Correlation Between Vanguard Extended and IShares Core
Can any of the company-specific risk be diversified away by investing in both Vanguard Extended and IShares Core at the same time? Although using a correlation coefficient on its own may not help to predict future stock returns, this module helps to understand the diversifiable risk of combining Vanguard Extended and IShares Core into the same portfolio, which is an essential part of the fundamental portfolio management process.
By analyzing existing cross correlation between Vanguard Extended Market and iShares Core Aggregate, you can compare the effects of market volatilities on Vanguard Extended and IShares Core and check how they will diversify away market risk if combined in the same portfolio for a given time horizon. You can also utilize pair trading strategies of matching a long position in Vanguard Extended with a short position of IShares Core. Check out your portfolio center. Please also check ongoing floating volatility patterns of Vanguard Extended and IShares Core.
Diversification Opportunities for Vanguard Extended and IShares Core
0.27 | Correlation Coefficient |
Modest diversification
The 3 months correlation between Vanguard and IShares is 0.27. Overlapping area represents the amount of risk that can be diversified away by holding Vanguard Extended Market and iShares Core Aggregate in the same portfolio, assuming nothing else is changed. The correlation between historical prices or returns on iShares Core Aggregate and Vanguard Extended is a relative statistical measure of the degree to which these equity instruments tend to move together. The correlation coefficient measures the extent to which returns on Vanguard Extended Market are associated (or correlated) with IShares Core. Values of the correlation coefficient range from -1 to +1, where. The correlation of zero (0) is possible when the price movement of iShares Core Aggregate has no effect on the direction of Vanguard Extended i.e., Vanguard Extended and IShares Core go up and down completely randomly.
Pair Corralation between Vanguard Extended and IShares Core
Considering the 90-day investment horizon Vanguard Extended Market is expected to under-perform the IShares Core. In addition to that, Vanguard Extended is 2.87 times more volatile than iShares Core Aggregate. It trades about -0.23 of its total potential returns per unit of risk. iShares Core Aggregate is currently generating about -0.21 per unit of volatility. If you would invest 9,664 in iShares Core Aggregate on February 1, 2024 and sell it today you would lose (170.00) from holding iShares Core Aggregate or give up 1.76% of portfolio value over 90 days.
Time Period | 3 Months [change] |
Direction | Moves Together |
Strength | Very Weak |
Accuracy | 100.0% |
Values | Daily Returns |
Vanguard Extended Market vs. iShares Core Aggregate
Performance |
Timeline |
Vanguard Extended Market |
iShares Core Aggregate |
Vanguard Extended and IShares Core Volatility Contrast
Predicted Return Density |
Returns |
Pair Trading with Vanguard Extended and IShares Core
The main advantage of trading using opposite Vanguard Extended and IShares Core positions is that it hedges away some unsystematic risk. Because of two separate transactions, even if Vanguard Extended position performs unexpectedly, IShares Core can make up some of the losses. Pair trading also minimizes risk from directional movements in the market. For example, if an entire industry or sector drops because of unexpected headlines, the short position in IShares Core will offset losses from the drop in IShares Core's long position.Vanguard Extended vs. First Trust Small | Vanguard Extended vs. First Trust Large | Vanguard Extended vs. First Trust Large | Vanguard Extended vs. First Trust Large |
IShares Core vs. Vanguard Total International | IShares Core vs. Vanguard Total International | IShares Core vs.
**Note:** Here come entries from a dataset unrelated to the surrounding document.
section \<open>Tests isolating a defective item\<close>

lemma prob_isolated_in_row:
  fixes p :: nat
  assumes "S \<subseteq> {..<p}" "i \<in> S" "0 \<le> q" "q \<le> 1"
  shows "measure_pmf.prob (Pi_pmf {..<p} False (\<lambda>_. bernoulli_pmf q)) {x. x i \<and> (\<forall>j\<in>S - {i}. \<not> x j)}
       = q * (1 - q) ^ (card S - 1)"
proof -
  define B where "B j = (if j = i then {True} else if j \<in> S then {False} else UNIV)" for j
  have "{x. x i \<and> (\<forall>j\<in>S - {i}. \<not> x j)} = Pi {..<p} B"
  proof (intro set_eqI iffI)
    fix x assume "x \<in> Pi {..<p} B"
    then have x: "x j \<in> B j" if "j \<in> S" for j
      using that assms(1) by blast
    show "x \<in> {x. x i \<and> (\<forall>j\<in>S - {i}. \<not> x j)}"
      using x[of i] x assms(2) by (force simp: B_def)
  qed (auto simp: B_def)
  moreover have "measure_pmf.prob (bernoulli_pmf q) (B j) =
      (if j = i then q else if j \<in> S then 1 - q else 1)" for j
    using assms(3,4) by (simp add: B_def measure_pmf_single)
  moreover have "(\<Prod>j\<in>{..<p}. if j = i then q else if j \<in> S then 1 - q else 1) =
      q * (1 - q) ^ (card S - 1)"
  proof -
    have "finite S" using assms(1) finite_subset by blast
    have "(\<Prod>j\<in>{..<p}. if j = i then q else if j \<in> S then 1 - q else 1)
        = (\<Prod>j\<in>S. if j = i then q else 1 - q)"
      using assms(1,2) by (intro prod.mono_neutral_cong_right) auto
    also have "\<dots> = q * (1 - q) ^ (card S - 1)"
      using assms(2) \<open>finite S\<close> by (simp add: prod.remove[of S i] card_Diff_singleton)
    finally show ?thesis .
  qed
  ultimately show ?thesis
    by (simp add: measure_Pi_pmf_Pi)
qed

lemma prob_exists_Mcount_le_given_set:
  fixes p :: nat
  assumes S: "S \<subseteq> {..<p}" "card S = k" and q: "0 \<le> q" "q \<le> 1" and "real m \<le> c"
  shows "1 - (1 - pmf (binomial_pmf n (q * (1 - q) ^ (k - 1))) m) ^ k
     \<le> measure_pmf.prob (test_matrix_pmf n p q) {X. \<exists>i\<in>S. real (Mcount n X S i) \<le> c}"
proof -
  define \<rho> where "\<rho> = Pi_pmf {..<p} False (\<lambda>_. bernoulli_pmf q)"
  define A where "A i = {x. x i \<and> (\<forall>j\<in>S - {i}. \<not> x j)}" for i
  define \<beta> where "\<beta> = pmf (binomial_pmf n (q * (1 - q) ^ (k - 1))) m"
  have rows: "map_pmf (\<lambda>X t j. X (t, j)) (test_matrix_pmf n p q) =
      Pi_pmf {..<n} (\<lambda>_. False) (\<lambda>_. \<rho>)"
    unfolding test_matrix_pmf_def \<rho>_def by (rule map_pmf_curry_Pi_pmf) auto
  have "measure_pmf.prob (test_matrix_pmf n p q) {X. \<exists>i\<in>S. real (Mcount n X S i) \<le> c}
      = measure_pmf.prob (Pi_pmf {..<n} (\<lambda>_. False) (\<lambda>_. \<rho>))
          (UNIV - {f. \<forall>i\<in>S. c < real (hits n (A i) f)})"
    unfolding rows[symmetric]
    by (auto simp: Mcount_def hits_def A_def not_less intro!: arg_cong[where f="measure_pmf.prob _"])
  also have "\<dots> = 1 - exceed_prob \<rho> (\<lambda>_. False) A n S (\<lambda>_. c)"
    using measure_pmf.prob_compl[of _ "Pi_pmf {..<n} (\<lambda>_. False) (\<lambda>_. \<rho>)"]
    by (simp add: exceed_prob_def)
  finally have eq: "measure_pmf.prob (test_matrix_pmf n p q) {X. \<exists>i\<in>S. real (Mcount n X S i) \<le> c}
      = 1 - exceed_prob \<rho> (\<lambda>_. False) A n S (\<lambda>_. c)" .
  have "exceed_prob \<rho> (\<lambda>_. False) A n S (\<lambda>_. c) \<le> (\<Prod>i\<in>S. exceed_prob \<rho> (\<lambda>_. False) A n {i} (\<lambda>_. c))"
    using S by (intro exceed_prob_le_prod) (auto simp: A_def pairwise_def finite_subset)
  also have "\<dots> \<le> (\<Prod>i\<in>S. 1 - \<beta>)"
  proof (intro prod_mono conjI exceed_prob_nonneg)
    fix i assume "i \<in> S"
    then have "measure_pmf.prob \<rho> (A i) = q * (1 - q) ^ (k - 1)"
      using prob_isolated_in_row[OF S(1) _ q] S(2) by (simp add: \<rho>_def A_def)
    then show "exceed_prob \<rho> (\<lambda>_. False) A n {i} (\<lambda>_. c) \<le> 1 - \<beta>"
      using exceed_prob_singleton_le[of m "\<lambda>_. c" i \<rho> "\<lambda>_. False" A n] \<open>real m \<le> c\<close>
      by (simp only: \<beta>_def)
  qed
  finally show ?thesis
    using eq S(2) by (simp add: \<beta>_def)
qed

lemma one_minus_pow_le_exp:
  fixes \<beta> :: real
  assumes "\<beta> \<le> 1"
  shows "(1 - \<beta>) ^ k \<le> exp (- (real k * \<beta>))"
proof -
  have "(1 - \<beta>) ^ k \<le> exp (- \<beta>) ^ k"
    using assms exp_ge_add_one_self[of "- \<beta>"] by (intro power_mono) auto
  then show ?thesis
    by (simp add: exp_of_nat_mult[symmetric])
qed

lemma prob_exists_Mcount_le:
  assumes "k \<le> p" "0 \<le> q" "q \<le> 1" "0 \<le> c"
  shows "1 - exp (- (real k * pmf (binomial_pmf n (q * (1 - q) ^ (k - 1))) (nat \<lfloor>c\<rfloor>)))
     \<le> measure_pmf.prob (pair_pmf (defective_set_pmf p k) (test_matrix_pmf n p q))
          {(S, X). \<exists>i\<in>S. real (Mcount n X S i) \<le> c}"
proof -
  let ?\<beta> = "pmf (binomial_pmf n (q * (1 - q) ^ (k - 1))) (nat \<lfloor>c\<rfloor>)"
  define Sets where "Sets = {S. S \<subseteq> {..<p} \<and> card S = k}"
  have "finite Sets" "Sets \<noteq> {}"
    using \<open>k \<le> p\<close>
    by (auto simp: Sets_def finite_subset[of _ "Pow {..<p}"] intro!: exI[of _ "{..<k}"])
  have "1 - exp (- (real k * ?\<beta>)) \<le> 1 - (1 - ?\<beta>) ^ k"
    using one_minus_pow_le_exp[of ?\<beta> k] by (simp add: pmf_le_1)
  also have "\<dots> \<le> measure_pmf.expectation (pmf_of_set Sets)
      (\<lambda>S. measure_pmf.prob (test_matrix_pmf n p q) {X. \<exists>i\<in>S. real (Mcount n X S i) \<le> c})"
  proof (intro measure_pmf.integral_ge_const AE_pmfI)
    show "integrable (measure_pmf (pmf_of_set Sets))
        (\<lambda>S. measure_pmf.prob (test_matrix_pmf n p q) {X. \<exists>i\<in>S. real (Mcount n X S i) \<le> c})"
      by (intro measure_pmf.integrable_const_bound[where B=1]) auto
    show "1 - (1 - ?\<beta>) ^ k \<le>
        measure_pmf.prob (test_matrix_pmf n p q) {X. \<exists>i\<in>S. real (Mcount n X S i) \<le> c}"
      if "S \<in> set_pmf (pmf_of_set Sets)" for S
      using that \<open>finite Sets\<close> \<open>Sets \<noteq> {}\<close> assms(2-4)
      by (intro prob_exists_Mcount_le_given_set) (auto simp: Sets_def of_nat_nat)
  qed
  finally show ?thesis
    by (simp add: measure_pair_pmf defective_set_pmf_def Sets_def vimage_def)
qed

section \<open>Point probabilities of the binomial distribution\<close>

lemma fact_le_Suc_pow_exp: "fact m \<le> (real m + 1) ^ (m + 1) * exp (- real m)"
proof (induction m)
  case (Suc m)
  define y where "y = real m + 1"
  have "y > 0" by (simp add: y_def)
  have "ln (1 - 1 / (y + 1)) \<le> - (1 / (y + 1))"
    using \<open>y > 0\<close> by (intro ln_one_minus_pos_upper_bound) auto
  moreover have "ln (1 - 1 / (y + 1)) = - ln ((y + 1) / y)"
    using \<open>y > 0\<close> by (simp add: field_simps ln_div)
  ultimately have "1 \<le> real (m + 2) * ln ((y + 1) / y)"
    using \<open>y > 0\<close> by (simp add: y_def field_simps)
  then have "exp 1 \<le> ((y + 1) / y) ^ (m + 2)"
    using \<open>y > 0\<close>
    by (metis exp_le_cancel_iff exp_of_nat_mult exp_ln divide_pos_pos add_pos_pos zero_less_one)
  then have key: "exp 1 * y ^ (m + 2) \<le> (y + 1) ^ (m + 2)"
    using \<open>y > 0\<close> by (simp add: power_divide field_simps)
  have "fact (Suc m) = y * fact m"
    by (simp add: y_def)
  also have "\<dots> \<le> y * (y ^ (m + 1) * exp (- real m))"
    using Suc.IH \<open>y > 0\<close> by (simp add: y_def)
  also have "\<dots> = exp 1 * y ^ (m + 2) * exp (- real (Suc m))"
    by (simp add: exp_diff exp_minus field_simps)
  also have "\<dots> \<le> (y + 1) ^ (m + 2) * exp (- real (Suc m))"
    using key by (intro mult_right_mono) auto
  finally show ?case
    by (simp add: y_def add_ac)
qed simp

lemma pow_le_binomial_mult_fact:
  assumes "m \<le> n"
  shows "(real n - real m) ^ m \<le> real (n choose m) * fact m"
proof -
  have "(real n - real m) ^ m = (\<Prod>i=0..<m. real n - real m)"
    by simp
  also have "\<dots> \<le> (\<Prod>i=0..<m. real n - real i)"
    using assms by (intro prod_mono) auto
  also have "\<dots> = real (n choose m) * fact m"
    by (simp add: binomial_gbinomial gbinomial_mult_fact')
  finally show ?thesis .
qed

lemma exp_le_one_minus_pow:
  assumes "0 \<le> r" "r < 1"
  shows "exp (- real n * r / (1 - r)) \<le> (1 - r) ^ n"
proof -
  have "ln (1 / (1 - r)) \<le> 1 / (1 - r) - 1"
    using assms by (intro ln_le_minus_one) auto
  then have "- r / (1 - r) \<le> ln (1 - r)"
    using assms by (simp add: ln_div field_simps)
  then have "real n * (- r / (1 - r)) \<le> real n * ln (1 - r)"
    by (rule mult_left_mono) simp
  then have "exp (- real n * r / (1 - r)) \<le> exp (real n * ln (1 - r))"
    by simp
  also have "\<dots> = (1 - r) ^ n"
    using assms by (simp add: exp_of_nat_mult)
  finally show ?thesis .
qed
Vanguard Total Stock | IShares Core vs. Vanguard Real Estate |
Check out your portfolio center.Note that this page's information should be used as a complementary analysis to find the right mix of equity instruments to add to your existing portfolios or create a brand new portfolio. You can also try the Watchlist Optimization module to optimize watchlists to build efficient portfolios or rebalance existing positions based on the mean-variance optimization algorithm.